→ **Entries taken from a collection**:
• • • • •

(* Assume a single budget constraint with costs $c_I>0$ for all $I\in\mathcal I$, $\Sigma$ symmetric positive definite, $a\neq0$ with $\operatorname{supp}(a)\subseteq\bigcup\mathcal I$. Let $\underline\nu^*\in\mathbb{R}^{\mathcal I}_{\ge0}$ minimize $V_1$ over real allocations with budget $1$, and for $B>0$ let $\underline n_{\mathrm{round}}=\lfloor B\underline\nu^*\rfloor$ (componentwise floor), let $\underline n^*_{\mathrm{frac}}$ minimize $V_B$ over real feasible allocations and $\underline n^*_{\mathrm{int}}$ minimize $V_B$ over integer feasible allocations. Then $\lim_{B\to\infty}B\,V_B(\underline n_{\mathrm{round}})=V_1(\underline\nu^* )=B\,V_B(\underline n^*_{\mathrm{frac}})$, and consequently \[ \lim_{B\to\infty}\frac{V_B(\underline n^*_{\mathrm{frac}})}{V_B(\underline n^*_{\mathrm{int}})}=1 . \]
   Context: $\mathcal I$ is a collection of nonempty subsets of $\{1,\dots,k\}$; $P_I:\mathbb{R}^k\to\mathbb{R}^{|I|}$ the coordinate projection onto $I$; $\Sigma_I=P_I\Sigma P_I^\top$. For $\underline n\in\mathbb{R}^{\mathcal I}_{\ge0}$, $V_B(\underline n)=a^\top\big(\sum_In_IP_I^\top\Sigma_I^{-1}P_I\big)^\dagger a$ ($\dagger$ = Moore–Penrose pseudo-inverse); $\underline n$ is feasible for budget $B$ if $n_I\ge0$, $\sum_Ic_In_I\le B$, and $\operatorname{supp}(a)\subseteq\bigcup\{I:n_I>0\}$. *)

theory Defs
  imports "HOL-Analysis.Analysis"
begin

• • • • •

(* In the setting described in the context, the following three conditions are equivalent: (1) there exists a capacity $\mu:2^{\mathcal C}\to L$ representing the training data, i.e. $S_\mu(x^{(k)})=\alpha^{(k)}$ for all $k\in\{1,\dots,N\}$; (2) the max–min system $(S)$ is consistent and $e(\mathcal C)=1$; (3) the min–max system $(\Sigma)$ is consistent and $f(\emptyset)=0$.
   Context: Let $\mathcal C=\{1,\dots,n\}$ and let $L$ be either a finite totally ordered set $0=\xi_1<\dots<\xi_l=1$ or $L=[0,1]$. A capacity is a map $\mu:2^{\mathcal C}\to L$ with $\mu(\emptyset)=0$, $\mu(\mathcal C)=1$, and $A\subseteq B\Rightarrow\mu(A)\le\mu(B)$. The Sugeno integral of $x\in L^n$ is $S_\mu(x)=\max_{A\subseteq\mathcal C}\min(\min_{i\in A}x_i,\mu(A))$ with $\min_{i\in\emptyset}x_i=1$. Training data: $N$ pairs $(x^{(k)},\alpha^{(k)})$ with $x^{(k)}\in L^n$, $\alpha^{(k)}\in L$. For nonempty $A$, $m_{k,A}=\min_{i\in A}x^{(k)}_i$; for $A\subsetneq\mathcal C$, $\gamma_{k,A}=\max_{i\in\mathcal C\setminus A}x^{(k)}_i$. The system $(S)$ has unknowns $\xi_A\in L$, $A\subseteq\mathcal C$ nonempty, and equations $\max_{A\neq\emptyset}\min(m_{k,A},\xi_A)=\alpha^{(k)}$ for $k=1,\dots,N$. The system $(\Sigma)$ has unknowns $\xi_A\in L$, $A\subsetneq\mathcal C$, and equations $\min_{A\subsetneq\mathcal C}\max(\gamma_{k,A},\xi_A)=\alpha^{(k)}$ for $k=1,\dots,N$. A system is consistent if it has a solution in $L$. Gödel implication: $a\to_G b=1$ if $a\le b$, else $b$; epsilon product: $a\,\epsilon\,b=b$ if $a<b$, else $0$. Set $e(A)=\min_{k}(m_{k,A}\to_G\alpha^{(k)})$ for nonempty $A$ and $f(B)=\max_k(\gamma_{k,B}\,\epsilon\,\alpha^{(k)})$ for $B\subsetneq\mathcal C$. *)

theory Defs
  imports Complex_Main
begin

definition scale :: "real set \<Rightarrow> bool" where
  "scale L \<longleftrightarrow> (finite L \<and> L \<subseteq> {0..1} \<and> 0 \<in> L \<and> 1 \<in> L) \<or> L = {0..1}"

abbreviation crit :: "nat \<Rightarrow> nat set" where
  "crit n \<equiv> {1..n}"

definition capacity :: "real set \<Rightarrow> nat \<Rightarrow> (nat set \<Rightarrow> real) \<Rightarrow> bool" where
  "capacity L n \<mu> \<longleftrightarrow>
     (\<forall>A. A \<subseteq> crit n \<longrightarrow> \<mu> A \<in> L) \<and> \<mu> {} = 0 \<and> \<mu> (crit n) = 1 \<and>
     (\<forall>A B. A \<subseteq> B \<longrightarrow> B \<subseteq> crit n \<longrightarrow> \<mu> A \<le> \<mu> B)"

• • • • •

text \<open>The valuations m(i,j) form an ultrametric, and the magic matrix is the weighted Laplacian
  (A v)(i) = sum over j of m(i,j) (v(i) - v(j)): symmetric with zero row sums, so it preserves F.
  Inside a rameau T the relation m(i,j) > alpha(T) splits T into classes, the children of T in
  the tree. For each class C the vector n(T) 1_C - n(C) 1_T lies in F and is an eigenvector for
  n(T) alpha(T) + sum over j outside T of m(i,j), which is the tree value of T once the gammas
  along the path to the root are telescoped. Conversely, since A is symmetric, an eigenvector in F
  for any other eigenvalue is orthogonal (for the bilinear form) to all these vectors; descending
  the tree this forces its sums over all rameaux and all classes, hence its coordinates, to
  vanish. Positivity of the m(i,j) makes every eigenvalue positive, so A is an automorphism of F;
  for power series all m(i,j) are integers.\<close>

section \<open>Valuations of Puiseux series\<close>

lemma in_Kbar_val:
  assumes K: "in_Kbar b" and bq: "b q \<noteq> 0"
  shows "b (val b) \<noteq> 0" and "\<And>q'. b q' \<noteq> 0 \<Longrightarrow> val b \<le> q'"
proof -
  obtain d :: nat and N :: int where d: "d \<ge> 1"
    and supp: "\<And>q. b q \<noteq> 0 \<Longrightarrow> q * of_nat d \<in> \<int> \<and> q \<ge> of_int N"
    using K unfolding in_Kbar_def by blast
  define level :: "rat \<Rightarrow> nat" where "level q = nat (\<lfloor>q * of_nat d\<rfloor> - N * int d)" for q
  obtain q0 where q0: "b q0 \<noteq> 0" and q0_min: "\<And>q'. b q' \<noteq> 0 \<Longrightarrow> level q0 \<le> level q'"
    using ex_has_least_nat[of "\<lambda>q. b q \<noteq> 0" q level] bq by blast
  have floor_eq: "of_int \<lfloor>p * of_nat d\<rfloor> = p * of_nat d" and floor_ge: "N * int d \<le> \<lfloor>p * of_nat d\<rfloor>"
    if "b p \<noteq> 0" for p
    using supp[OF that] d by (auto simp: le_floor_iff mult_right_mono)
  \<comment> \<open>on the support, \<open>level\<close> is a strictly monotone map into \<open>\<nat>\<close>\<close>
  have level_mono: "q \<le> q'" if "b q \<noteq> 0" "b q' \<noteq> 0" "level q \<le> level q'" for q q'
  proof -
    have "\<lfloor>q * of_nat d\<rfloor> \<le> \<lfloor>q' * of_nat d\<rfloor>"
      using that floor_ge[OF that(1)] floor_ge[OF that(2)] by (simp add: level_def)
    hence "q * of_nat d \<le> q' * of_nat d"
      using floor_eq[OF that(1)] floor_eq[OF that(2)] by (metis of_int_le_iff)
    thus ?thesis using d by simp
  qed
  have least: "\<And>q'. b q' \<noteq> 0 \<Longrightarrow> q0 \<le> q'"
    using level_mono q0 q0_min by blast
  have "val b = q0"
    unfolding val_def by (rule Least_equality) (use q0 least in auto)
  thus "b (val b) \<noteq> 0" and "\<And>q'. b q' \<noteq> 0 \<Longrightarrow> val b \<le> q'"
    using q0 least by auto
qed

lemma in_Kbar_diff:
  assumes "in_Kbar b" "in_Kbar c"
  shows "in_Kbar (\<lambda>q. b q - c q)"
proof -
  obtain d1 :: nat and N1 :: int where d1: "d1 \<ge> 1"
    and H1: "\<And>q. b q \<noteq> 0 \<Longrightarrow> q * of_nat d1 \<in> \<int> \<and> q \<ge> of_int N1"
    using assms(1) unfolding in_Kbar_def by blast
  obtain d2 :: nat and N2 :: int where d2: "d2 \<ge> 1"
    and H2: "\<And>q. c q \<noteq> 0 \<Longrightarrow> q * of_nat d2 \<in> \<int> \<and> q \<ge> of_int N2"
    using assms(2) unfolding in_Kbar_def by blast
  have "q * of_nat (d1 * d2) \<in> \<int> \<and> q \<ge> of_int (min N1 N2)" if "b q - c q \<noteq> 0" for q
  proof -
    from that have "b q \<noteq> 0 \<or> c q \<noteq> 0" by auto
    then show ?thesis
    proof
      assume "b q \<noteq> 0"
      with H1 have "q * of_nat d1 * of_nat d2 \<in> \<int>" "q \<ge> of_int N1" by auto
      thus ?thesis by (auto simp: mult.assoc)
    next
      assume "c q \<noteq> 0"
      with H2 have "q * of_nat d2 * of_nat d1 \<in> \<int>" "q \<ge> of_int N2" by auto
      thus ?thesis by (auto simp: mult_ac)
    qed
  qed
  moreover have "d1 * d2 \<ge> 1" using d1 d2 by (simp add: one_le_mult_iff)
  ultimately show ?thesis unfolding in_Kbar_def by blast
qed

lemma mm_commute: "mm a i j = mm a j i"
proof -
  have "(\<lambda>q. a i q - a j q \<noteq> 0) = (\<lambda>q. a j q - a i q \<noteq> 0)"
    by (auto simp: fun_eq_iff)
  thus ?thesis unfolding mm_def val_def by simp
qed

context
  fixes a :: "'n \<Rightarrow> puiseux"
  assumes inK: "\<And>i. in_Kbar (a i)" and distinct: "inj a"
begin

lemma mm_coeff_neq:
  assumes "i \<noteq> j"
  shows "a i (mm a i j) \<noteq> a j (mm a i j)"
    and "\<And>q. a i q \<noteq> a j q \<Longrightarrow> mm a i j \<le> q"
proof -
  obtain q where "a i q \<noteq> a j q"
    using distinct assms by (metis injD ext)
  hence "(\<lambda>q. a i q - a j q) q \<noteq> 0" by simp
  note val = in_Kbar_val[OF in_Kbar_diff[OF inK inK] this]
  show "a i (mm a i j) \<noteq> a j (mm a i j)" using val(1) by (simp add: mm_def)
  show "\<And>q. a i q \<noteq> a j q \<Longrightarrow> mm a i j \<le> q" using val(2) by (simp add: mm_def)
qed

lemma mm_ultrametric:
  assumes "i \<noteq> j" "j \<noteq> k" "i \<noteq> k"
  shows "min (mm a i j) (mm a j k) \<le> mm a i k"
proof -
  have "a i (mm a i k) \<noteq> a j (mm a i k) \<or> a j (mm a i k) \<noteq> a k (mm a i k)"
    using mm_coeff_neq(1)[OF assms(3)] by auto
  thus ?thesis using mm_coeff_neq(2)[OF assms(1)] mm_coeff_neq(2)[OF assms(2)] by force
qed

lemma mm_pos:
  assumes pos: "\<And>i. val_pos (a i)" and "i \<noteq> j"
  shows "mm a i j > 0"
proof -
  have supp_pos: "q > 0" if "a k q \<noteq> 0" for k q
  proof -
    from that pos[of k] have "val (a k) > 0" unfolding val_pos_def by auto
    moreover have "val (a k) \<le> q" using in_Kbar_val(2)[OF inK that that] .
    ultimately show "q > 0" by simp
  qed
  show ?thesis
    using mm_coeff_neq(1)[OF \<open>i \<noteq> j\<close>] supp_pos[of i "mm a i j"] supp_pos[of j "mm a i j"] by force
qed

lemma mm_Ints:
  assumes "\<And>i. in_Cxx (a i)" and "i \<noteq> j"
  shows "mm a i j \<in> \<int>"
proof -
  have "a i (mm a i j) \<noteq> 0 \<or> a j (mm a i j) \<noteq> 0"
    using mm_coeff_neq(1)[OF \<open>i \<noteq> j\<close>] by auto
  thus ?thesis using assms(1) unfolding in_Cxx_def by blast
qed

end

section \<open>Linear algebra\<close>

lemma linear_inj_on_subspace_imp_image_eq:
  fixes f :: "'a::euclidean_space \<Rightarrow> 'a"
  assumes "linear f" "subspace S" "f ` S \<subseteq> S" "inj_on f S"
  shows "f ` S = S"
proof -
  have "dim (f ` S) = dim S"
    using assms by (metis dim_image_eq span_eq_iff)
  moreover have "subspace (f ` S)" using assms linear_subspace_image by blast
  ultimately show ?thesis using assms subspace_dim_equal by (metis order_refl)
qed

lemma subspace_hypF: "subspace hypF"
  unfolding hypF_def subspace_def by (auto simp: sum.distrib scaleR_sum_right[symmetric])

• • • • •

Report every line in the data that holds "shows", copying each one.

→ **Task response**:
  shows "b (val b) \<noteq> 0" and "\<And>q'. b q' \<noteq> 0 \<Longrightarrow> val b \<le> q'"
  shows "in_Kbar (\<lambda>q. b q - c q)"
  shows "a i (mm a i j) \<noteq> a j (mm a i j)"
  shows "min (mm a i j) (mm a j k) \<le> mm a i k"
  shows "mm a i j > 0"
  shows "mm a i j \<in> \<int>"
  shows "f ` S = S"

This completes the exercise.